厚生労働省は4月30日、一般職業紹介状況(令和6年3月分及び令和5年度分)について報道発表資料を公開しました。令和6年3月の有効求人倍率は1.28倍で、同2月に比べて0.02ポイント上昇しました(ちょっと買い手市場に)。また、令和5年度平均の有効求人倍率は1.29倍で、前年度と比べて0.02ポイント低下しました(ちょっと売り手市場に)。コロナを機に大幅に有効求人倍率が下がりましたが(完全買い手市場に…)、少しずつ売り手側に復調傾向があるようですね。というわけで、そんな求人市場についてちょっとだけ触れておきます。
引用)NHKより
まだまだ人手不足?
私は買い手市場だの売り手市場だの述べていますが、厳密にはそういう言い方ですと、ちょっとニュアンスが異なってしまうかもしれません。有効求人倍率とは、厚生労働省が公共職業安定所(ハローワーク)における求人、求職、就職の状況をとりまとめ、求人倍率などの指標を作成し毎月公表しているもので、1つの求人案件に対して1.28倍の求職者の割合になっている計算です。

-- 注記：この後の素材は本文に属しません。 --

lemma subgroup_right_stabilizer:
  assumes "U \<subseteq> carrier G"
  shows "subgroup {g \<in> carrier G. \<forall>u\<in>U. u \<otimes> g \<in> U \<and> u \<otimes> inv g \<in> U} G"
    (is "subgroup ?V G")
proof (rule subgroup.intro)
  fix g h assume g: "g \<in> ?V" and h: "h \<in> ?V"
  have "u \<otimes> (g \<otimes> h) \<in> U \<and> u \<otimes> inv (g \<otimes> h) \<in> U" if u: "u \<in> U" for u
  proof -
    have c: "u \<in> carrier G" "g \<in> carrier G" "h \<in> carrier G" using u g h assms by auto
    have "(u \<otimes> g) \<otimes> h \<in> U" "(u \<otimes> inv h) \<otimes> inv g \<in> U" using g h u by blast+
    then show ?thesis using c by (simp add: m_assoc inv_mult_group)
  qed
  then show "g \<otimes> h \<in> ?V" using g h by blast
next
  fix g assume "g \<in> ?V"
  then show "inv g \<in> ?V" by simp
next
  have "u \<otimes> \<one> = u" if "u \<in> U" for u using that assms by auto
  then show "\<one> \<in> ?V" by simp
qed auto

つまり、2倍になれば1つの求人案件に対して求職者の割合が2人という計算になりますし、1倍を切れば求職者は割合上、必ずいずれかの仕事に就けるという計算になります。ただ、コロナ前である2019年は約1.6倍ほどあった求人倍率が今では1.28倍なので、だいぶ募集側の企業は苦戦しているという推察になります。ましてや優秀な人材が欲しいとなると余計に企業側としては思うような採用計画が成り立たないのではないでしょうか。

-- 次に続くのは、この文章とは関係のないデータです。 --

lemma before_append_Cons_iff:
  "distinct (ys @ x # zs) \<Longrightarrow> before (ys @ x # zs) s x \<longleftrightarrow> s \<in> set ys"
  by (induct ys) (auto simp: before_Cons dest: before_in_set)

lemma before_nth_iff:
  "distinct xs \<Longrightarrow> i < length xs \<Longrightarrow> before xs (xs ! i) t \<longleftrightarrow> t \<in> set (drop (Suc i) xs)"
proof (induct xs arbitrary: i)
  case (Cons x xs)
  then show ?case
    by (cases i) (auto simp: before_Cons dest: before_in_set)
qed simp

lemma later_nbhd_eq:
  assumes "distinct xs" "i < length xs"
  shows "nbhd (set xs) E (xs ! i) \<inter> set (drop i xs) = {t. E (xs ! i) t \<and> before xs (xs ! i) t}"
proof -
  have "set (drop i xs) = insert (xs ! i) (set (drop (Suc i) xs))"
    using assms(2) by (simp flip: Cons_nth_drop_Suc)
  moreover have "xs ! i \<notin> set (drop (Suc i) xs)"
    using assms by (metis before_irrefl before_nth_iff)
  ultimately show ?thesis
    using assms by (auto simp: nbhd_def before_nth_iff dest: in_set_dropD)
qed

lemma inductively_k_independent_iff:
  assumes "distinct xs"
  shows "inductively_k_independent k E xs \<longleftrightarrow>
    (\<forall>u I. I \<subseteq> {t. E u t \<and> before xs u t} \<and> indep_set E I \<longrightarrow> card I \<le> k)"
proof
  assume ind: "inductively_k_independent k E xs"
  show "\<forall>u I. I \<subseteq> {t. E u t \<and> before xs u t} \<and> indep_set E I \<longrightarrow> card I \<le> k"
  proof (intro allI impI)
    fix u I
    assume I: "I \<subseteq> {t. E u t \<and> before xs u t} \<and> indep_set E I"
    show "card I \<le> k"
    proof (cases "I = {}")
      case False
      then obtain t where "before xs u t" using I by blast
      then obtain i where "i < length xs" "u = xs ! i"
        by (metis before_in_set in_set_conv_nth)
      then show ?thesis
        using ind I assms later_nbhd_eq[of xs i E]
        unfolding inductively_k_independent_def by auto
    qed simp
  qed
next
  assume "\<forall>u I. I \<subseteq> {t. E u t \<and> before xs u t} \<and> indep_set E I \<longrightarrow> card I \<le> k"
  then show "inductively_k_independent k E xs"
    using assms later_nbhd_eq[of xs _ E] unfolding inductively_k_independent_def by auto
qed

lemma inductively_k_independent_filter:
  assumes "distinct xs" "inductively_k_independent k E xs"
  shows "inductively_k_independent k E (filter P xs)"
proof -
  have "{t. E u t \<and> before (filter P xs) u t} \<subseteq> {t. E u t \<and> before xs u t}" for u
    by (auto dest: before_filterD)
  then show ?thesis
    using assms inductively_k_independent_iff[of xs] inductively_k_independent_iff[of "filter P xs"]
    by (meson distinct_filter order_trans)
qed

lemma submodular_on_subset: "submodular_on V f \<Longrightarrow> W \<subseteq> V \<Longrightarrow> submodular_on W f"
  unfolding submodular_on_def by (meson order_trans)

lemma marg_antimono:
  assumes "submodular_on V f" "X \<subseteq> Y" "Y \<subseteq> V" "u \<in> V" "u \<notin> Y"
  shows "marg f Y u \<le> marg f X u"
proof -
  have "insert u X \<subseteq> V"
    using assms by auto
  then have "f (insert u X \<union> Y) + f (insert u X \<inter> Y) \<le> f (insert u X) + f Y"
    using assms(1,3) unfolding submodular_on_def by blast
  moreover have "insert u X \<union> Y = insert u Y" "insert u X \<inter> Y = X"
    using assms by auto
  ultimately show ?thesis
    unfolding marg_def by simp
qed

lemma f_eq_sum_nu:
  assumes "f {} = 0" "distinct xs" "S \<subseteq> set xs"
  shows "f S = (\<Sum>u\<in>S. nu xs f S u)"
proof -
  have "f (S \<inter> set ys) = (\<Sum>u\<in>S \<inter> set ys. nu xs f S u)" if "xs = ys @ zs" for ys zs
    using that
  proof (induct ys arbitrary: zs rule: rev_induct)
    case (snoc x ys)
    then have xs: "xs = ys @ x # zs"
      by simp
    have IH: "f (S \<inter> set ys) = (\<Sum>u\<in>S \<inter> set ys. nu xs f S u)"
      using snoc xs by simp
    show ?case
    proof (cases "x \<in> S")
      case True
      have "{s \<in> S. before xs s x} = S \<inter> set ys"
        using assms(2) xs before_append_Cons_iff[of ys x zs] by auto
      then have "f (insert x (S \<inter> set ys)) = f (S \<inter> set ys) + nu xs f S x"
        by (simp add: nu_def marg_def)
      moreover have "x \<notin> S \<inter> set ys"
        using assms(2) xs by auto
      ultimately show ?thesis
        using True IH by (simp add: Int_insert_right)
    next
      case False
      then show ?thesis
        using IH by (simp add: Int_insert_right)
    qed
  qed (simp add: assms(1))
  from this[of xs "[]"] show ?thesis
    using assms(3) by (simp add: Int_absorb2)
qed

lemma pg_step_indep:
  assumes "\<And>u v. E u v \<Longrightarrow> E v u" "\<And>v. \<not> E v v"
    and "S \<subseteq> set xs" "indep_set E S" "v \<in> set xs"
  shows "pg_step E f \<beta> xs S v \<subseteq> set xs \<and> indep_set E (pg_step E f \<beta> xs S v)"
proof -
  let ?C = "nbhd (set xs) E v \<inter> S"
  have "\<not> E v w" if "w \<in> S - ?C" for w
    using that assms(2,3,5) by (auto simp: nbhd_def)
  then have "indep_set E (insert v (S - ?C))"
    using assms(1,2,4) unfolding indep_set_def by blast
  then show ?thesis
    using assms(3,4,5) unfolding pg_step_def Let_def by auto
qed

lemma preemptive_greedy_indep:
  assumes "\<And>u v. E u v \<Longrightarrow> E v u" "\<And>v. \<not> E v v"
  shows "preemptive_greedy E f \<beta> xs \<subseteq> set xs \<and> indep_set E (preemptive_greedy E f \<beta> xs)"
proof -
  have "fold (\<lambda>v S. pg_step E f \<beta> xs S v) ys S \<subseteq> set xs
      \<and> indep_set E (fold (\<lambda>v S. pg_step E f \<beta> xs S v) ys S)"
    if "set ys \<subseteq> set xs" "S \<subseteq> set xs" "indep_set E S" for ys S
    using that
  proof (induct ys arbitrary: S)
    case (Cons v ys)
    then show ?case
      using pg_step_indep[of E, OF assms, where S = S and v = v] by simp
  qed simp
  from this[of xs "{}"] show ?thesis
    unfolding preemptive_greedy_def by (simp add: indep_set_def)
qed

また、先月よりも有効求人倍率が上がった要因として、求職者が増えたというよりも求人数が減った(物価高騰等の影響により人材を減らす傾向があった)ので、決して良い兆しというわけではなさそうですね。
引用)NHKより
私の身の回りでも、“良い人材がいない上で退職者も続くなら、下手に採用経費をかけてまで人材確保するより、ベンダーとの関係性を強化したりAI化によって属人化しない動きをする”という企業様が増加しています。人材を管理するにもメンターやモチベーション維持等の管理コストや教育コストもかかるわけで、それならいっそのこと社内ディレクション能力を高めて外部や機械を上手く活用する動きに移行する、という傾向が高まるかもしれません。
買い手市場では人材会社が潤う
求人倍率が下がると募集企業側よりも応募者側が企業を選択できるようになるため、当然応募者が優位な立場になります。そうなると企業側はより良い人材との接触機会を設けたくなりますので、結果的に人材会社や転職エージェント会社に縋ります。人材会社や転職エージェントに投資するようになります。そうすると人材会社が人手不足になるので、今度は人材会社が募集企業側となり、待遇の良い求人を出します。人材会社が待遇の良い求人を出すので応募者は人材会社に応募&入社します。結果的に、募集企業側の応募者不足に拍車がかかるという構図ですね…(笑)。なんだか皮肉な状況です。
しばらくはこの状況が続くと思いますし、円安と物価高は続くと思いますのでより企業側は厳しくなっていくことでしょう。いよいよサバイバル時代に突入です。